**Aim of the task**
Using the entries that follow, state how many lines contain the word "spec". The response is that number and nothing more.

[Dataset entries]
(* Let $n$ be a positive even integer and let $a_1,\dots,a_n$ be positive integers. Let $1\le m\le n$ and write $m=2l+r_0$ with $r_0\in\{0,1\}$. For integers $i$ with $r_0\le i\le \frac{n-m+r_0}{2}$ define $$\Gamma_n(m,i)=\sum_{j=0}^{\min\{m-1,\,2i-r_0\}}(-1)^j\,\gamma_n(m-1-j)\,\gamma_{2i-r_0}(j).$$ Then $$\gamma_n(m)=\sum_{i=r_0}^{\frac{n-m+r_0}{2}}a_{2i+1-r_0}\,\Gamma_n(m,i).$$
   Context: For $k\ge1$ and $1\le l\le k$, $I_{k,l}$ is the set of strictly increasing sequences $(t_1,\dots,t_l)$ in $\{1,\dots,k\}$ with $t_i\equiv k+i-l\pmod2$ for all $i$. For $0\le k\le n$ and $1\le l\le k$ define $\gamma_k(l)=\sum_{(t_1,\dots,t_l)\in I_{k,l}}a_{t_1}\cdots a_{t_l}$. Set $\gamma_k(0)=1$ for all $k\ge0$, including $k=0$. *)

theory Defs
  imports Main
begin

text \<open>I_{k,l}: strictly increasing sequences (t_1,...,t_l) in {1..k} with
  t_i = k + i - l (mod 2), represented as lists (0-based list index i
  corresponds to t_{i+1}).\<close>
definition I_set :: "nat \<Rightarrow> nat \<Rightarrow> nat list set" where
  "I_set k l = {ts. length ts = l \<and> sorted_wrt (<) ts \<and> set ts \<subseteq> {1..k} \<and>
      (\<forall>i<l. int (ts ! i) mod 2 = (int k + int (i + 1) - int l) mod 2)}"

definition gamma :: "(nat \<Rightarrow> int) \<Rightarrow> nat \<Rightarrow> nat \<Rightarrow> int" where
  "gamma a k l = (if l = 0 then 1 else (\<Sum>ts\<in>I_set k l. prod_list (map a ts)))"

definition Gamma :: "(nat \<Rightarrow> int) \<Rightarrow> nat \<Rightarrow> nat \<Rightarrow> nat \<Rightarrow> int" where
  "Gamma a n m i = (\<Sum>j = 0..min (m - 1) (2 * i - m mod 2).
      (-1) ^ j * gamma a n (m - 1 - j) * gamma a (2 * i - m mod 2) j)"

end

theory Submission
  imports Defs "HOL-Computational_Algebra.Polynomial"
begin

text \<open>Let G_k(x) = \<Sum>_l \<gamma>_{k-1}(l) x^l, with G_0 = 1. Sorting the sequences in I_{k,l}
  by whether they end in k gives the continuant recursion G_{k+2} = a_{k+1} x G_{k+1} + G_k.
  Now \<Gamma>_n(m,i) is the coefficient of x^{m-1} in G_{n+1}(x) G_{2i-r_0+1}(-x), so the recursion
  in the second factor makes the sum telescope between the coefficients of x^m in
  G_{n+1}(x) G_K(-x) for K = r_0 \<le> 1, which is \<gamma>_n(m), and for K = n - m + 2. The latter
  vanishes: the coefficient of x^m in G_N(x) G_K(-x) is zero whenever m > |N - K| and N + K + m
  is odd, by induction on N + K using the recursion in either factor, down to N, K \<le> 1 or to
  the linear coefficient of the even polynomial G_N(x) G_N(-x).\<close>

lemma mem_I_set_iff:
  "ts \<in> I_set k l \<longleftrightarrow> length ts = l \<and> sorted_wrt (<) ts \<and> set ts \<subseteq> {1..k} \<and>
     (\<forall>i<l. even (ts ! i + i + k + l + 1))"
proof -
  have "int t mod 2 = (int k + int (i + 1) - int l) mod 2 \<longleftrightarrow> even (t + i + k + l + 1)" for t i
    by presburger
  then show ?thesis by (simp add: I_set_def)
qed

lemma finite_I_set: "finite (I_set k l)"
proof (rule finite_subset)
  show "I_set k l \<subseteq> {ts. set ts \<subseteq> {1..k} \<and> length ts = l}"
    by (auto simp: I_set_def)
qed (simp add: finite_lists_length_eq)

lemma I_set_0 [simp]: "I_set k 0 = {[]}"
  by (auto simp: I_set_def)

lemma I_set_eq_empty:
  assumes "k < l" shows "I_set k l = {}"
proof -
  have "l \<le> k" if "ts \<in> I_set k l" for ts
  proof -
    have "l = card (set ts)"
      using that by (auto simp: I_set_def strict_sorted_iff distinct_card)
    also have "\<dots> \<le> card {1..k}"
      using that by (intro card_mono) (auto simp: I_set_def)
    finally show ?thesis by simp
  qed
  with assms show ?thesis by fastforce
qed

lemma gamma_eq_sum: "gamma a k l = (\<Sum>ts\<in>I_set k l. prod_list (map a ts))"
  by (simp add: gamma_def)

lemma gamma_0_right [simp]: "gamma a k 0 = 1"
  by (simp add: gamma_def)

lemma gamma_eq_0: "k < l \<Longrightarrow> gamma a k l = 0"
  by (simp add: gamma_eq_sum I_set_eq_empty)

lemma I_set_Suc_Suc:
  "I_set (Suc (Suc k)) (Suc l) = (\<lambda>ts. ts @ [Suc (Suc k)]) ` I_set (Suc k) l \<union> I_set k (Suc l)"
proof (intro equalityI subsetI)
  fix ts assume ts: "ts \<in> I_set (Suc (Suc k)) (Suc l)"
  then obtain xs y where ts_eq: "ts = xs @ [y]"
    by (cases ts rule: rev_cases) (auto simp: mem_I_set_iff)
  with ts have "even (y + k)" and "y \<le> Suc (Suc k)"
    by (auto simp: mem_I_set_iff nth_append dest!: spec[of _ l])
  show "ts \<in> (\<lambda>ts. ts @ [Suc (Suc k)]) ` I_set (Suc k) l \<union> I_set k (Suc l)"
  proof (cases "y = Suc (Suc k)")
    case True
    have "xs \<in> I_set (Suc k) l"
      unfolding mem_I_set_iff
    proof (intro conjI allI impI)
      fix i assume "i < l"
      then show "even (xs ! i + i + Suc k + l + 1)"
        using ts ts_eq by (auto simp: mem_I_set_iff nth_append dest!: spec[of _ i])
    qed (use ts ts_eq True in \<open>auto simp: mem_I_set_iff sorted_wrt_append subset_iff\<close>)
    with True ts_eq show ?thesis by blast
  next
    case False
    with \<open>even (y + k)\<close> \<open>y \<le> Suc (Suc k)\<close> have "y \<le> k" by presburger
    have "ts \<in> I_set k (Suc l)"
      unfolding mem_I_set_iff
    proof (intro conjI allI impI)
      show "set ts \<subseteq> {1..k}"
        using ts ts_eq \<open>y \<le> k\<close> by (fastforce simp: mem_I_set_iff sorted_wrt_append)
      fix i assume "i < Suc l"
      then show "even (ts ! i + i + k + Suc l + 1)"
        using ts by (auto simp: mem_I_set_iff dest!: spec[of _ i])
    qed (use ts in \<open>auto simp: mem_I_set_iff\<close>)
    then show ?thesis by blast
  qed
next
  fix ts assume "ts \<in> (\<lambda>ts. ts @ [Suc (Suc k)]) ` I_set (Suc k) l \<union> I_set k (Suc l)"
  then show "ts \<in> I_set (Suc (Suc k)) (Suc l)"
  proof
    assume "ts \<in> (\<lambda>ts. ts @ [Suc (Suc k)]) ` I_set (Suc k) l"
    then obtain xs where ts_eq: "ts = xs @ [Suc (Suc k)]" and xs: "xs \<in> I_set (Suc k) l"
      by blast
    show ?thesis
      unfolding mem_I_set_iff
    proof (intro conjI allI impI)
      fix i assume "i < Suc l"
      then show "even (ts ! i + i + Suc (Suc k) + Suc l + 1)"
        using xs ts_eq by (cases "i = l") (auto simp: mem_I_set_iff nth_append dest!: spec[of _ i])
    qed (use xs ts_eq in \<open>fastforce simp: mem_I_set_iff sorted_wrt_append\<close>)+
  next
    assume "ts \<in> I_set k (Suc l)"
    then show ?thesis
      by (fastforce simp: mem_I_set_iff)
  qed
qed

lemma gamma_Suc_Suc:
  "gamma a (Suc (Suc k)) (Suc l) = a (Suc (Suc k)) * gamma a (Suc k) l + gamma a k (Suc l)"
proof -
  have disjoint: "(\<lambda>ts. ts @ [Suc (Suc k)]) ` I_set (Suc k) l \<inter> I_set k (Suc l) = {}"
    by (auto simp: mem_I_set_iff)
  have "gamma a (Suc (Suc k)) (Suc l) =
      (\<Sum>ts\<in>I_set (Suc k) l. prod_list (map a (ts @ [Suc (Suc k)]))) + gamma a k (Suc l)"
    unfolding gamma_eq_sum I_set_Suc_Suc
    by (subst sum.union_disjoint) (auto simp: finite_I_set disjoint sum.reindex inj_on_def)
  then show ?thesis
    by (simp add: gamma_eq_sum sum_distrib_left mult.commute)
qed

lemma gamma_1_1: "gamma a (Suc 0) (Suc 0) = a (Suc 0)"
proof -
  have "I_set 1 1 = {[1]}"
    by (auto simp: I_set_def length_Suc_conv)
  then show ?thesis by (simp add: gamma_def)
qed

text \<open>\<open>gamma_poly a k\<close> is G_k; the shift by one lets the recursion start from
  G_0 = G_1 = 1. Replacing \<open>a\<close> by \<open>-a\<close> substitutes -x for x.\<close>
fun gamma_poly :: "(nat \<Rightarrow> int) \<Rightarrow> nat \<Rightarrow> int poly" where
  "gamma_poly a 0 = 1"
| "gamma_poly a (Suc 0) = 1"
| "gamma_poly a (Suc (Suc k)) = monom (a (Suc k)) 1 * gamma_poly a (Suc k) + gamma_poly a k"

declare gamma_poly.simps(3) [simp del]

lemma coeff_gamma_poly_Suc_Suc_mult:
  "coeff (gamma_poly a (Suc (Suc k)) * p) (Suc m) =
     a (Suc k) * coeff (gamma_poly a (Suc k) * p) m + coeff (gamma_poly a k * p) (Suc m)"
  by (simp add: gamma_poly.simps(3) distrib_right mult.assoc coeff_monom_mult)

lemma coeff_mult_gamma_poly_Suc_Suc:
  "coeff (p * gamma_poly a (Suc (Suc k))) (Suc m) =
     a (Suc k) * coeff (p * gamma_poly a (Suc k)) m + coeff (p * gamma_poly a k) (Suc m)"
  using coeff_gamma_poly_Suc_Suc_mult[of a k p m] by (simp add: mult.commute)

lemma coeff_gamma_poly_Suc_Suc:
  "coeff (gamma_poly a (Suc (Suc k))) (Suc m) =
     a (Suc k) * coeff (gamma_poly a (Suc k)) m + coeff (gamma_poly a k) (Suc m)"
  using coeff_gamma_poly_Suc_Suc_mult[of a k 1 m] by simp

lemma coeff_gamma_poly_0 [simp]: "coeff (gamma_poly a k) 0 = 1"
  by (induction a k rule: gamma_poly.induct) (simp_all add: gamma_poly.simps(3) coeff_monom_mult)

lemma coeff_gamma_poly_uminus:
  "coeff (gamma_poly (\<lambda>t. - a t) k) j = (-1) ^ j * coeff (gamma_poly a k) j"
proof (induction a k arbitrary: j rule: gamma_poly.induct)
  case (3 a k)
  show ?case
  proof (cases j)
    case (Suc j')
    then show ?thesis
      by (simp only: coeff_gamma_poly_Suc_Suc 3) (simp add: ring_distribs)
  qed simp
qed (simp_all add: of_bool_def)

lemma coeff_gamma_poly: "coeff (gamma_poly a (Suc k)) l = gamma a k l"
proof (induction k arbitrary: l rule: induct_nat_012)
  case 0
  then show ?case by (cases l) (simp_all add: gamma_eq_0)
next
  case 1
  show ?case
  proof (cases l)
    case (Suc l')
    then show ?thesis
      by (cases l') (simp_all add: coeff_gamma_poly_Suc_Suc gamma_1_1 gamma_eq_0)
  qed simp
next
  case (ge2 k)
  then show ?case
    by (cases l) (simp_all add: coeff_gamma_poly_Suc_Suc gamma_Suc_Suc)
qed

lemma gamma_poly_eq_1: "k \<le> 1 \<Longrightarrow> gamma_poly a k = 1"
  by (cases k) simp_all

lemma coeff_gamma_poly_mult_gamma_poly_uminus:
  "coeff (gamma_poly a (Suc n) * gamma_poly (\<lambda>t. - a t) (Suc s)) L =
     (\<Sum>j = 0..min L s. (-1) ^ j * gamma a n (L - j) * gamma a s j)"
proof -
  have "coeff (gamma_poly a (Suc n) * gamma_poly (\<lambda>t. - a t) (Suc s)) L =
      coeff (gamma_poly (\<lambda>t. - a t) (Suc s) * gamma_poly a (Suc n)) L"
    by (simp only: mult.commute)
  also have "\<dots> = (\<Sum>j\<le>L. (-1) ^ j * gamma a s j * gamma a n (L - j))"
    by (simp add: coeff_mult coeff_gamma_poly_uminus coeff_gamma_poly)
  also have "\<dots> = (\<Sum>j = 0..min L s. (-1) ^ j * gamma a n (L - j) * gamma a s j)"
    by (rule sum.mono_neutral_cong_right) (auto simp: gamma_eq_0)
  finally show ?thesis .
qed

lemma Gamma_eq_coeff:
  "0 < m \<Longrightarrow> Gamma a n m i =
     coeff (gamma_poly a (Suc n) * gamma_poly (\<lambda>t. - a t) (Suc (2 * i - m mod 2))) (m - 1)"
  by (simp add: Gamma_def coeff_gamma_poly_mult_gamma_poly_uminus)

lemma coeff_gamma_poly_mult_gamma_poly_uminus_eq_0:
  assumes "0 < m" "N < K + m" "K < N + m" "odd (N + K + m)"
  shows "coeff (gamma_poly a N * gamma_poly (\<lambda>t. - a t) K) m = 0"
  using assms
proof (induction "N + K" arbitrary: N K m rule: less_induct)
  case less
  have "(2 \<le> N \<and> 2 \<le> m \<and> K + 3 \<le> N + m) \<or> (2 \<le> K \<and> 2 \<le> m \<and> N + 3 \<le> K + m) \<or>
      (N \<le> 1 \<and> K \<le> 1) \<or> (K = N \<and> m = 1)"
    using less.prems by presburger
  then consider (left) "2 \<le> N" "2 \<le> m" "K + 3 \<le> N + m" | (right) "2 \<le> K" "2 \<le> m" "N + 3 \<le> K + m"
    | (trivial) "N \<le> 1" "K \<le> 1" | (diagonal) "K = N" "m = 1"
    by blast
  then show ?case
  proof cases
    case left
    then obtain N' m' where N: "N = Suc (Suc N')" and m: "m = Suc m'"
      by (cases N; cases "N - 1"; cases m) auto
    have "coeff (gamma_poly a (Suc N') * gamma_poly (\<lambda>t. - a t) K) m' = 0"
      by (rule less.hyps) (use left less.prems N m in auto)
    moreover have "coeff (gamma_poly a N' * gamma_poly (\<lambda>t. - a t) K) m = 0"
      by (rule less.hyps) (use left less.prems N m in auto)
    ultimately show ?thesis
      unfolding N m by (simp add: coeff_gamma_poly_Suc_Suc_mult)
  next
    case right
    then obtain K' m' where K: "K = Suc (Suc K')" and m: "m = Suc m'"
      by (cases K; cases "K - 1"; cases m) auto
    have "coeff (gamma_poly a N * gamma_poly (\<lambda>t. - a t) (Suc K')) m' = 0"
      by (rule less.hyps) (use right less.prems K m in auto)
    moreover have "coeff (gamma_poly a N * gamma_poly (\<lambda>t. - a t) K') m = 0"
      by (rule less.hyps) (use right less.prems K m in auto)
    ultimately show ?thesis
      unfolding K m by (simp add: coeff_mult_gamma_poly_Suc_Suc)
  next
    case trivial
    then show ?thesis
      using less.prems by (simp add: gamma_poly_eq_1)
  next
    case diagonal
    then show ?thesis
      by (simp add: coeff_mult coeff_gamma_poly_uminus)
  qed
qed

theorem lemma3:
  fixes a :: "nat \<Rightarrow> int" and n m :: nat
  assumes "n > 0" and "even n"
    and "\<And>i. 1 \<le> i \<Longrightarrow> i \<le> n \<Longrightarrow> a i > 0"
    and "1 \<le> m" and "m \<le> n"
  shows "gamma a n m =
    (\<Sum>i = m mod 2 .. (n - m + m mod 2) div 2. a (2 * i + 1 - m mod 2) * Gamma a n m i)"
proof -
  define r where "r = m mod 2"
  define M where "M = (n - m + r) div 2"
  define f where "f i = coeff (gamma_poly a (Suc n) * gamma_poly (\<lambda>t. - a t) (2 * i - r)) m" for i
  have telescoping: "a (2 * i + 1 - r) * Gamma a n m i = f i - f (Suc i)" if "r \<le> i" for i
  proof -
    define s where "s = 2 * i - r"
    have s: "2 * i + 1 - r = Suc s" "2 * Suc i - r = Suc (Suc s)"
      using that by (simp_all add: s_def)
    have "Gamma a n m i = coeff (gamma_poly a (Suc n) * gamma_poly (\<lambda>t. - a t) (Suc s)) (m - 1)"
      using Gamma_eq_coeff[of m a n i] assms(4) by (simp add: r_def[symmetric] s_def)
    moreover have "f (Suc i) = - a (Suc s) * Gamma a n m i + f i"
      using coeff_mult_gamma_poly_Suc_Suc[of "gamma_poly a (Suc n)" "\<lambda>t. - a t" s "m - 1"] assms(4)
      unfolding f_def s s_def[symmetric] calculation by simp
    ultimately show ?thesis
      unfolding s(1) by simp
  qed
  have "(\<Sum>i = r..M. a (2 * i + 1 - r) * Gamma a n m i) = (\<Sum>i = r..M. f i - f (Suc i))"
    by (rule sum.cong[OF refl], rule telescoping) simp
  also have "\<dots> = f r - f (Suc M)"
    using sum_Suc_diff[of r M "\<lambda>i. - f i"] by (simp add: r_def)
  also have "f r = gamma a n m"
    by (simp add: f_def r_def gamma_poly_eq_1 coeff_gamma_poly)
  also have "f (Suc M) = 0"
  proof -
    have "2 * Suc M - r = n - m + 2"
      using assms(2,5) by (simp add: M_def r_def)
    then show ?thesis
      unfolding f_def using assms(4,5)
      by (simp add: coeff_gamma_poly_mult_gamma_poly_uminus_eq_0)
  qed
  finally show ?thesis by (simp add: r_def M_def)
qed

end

**The answer**
4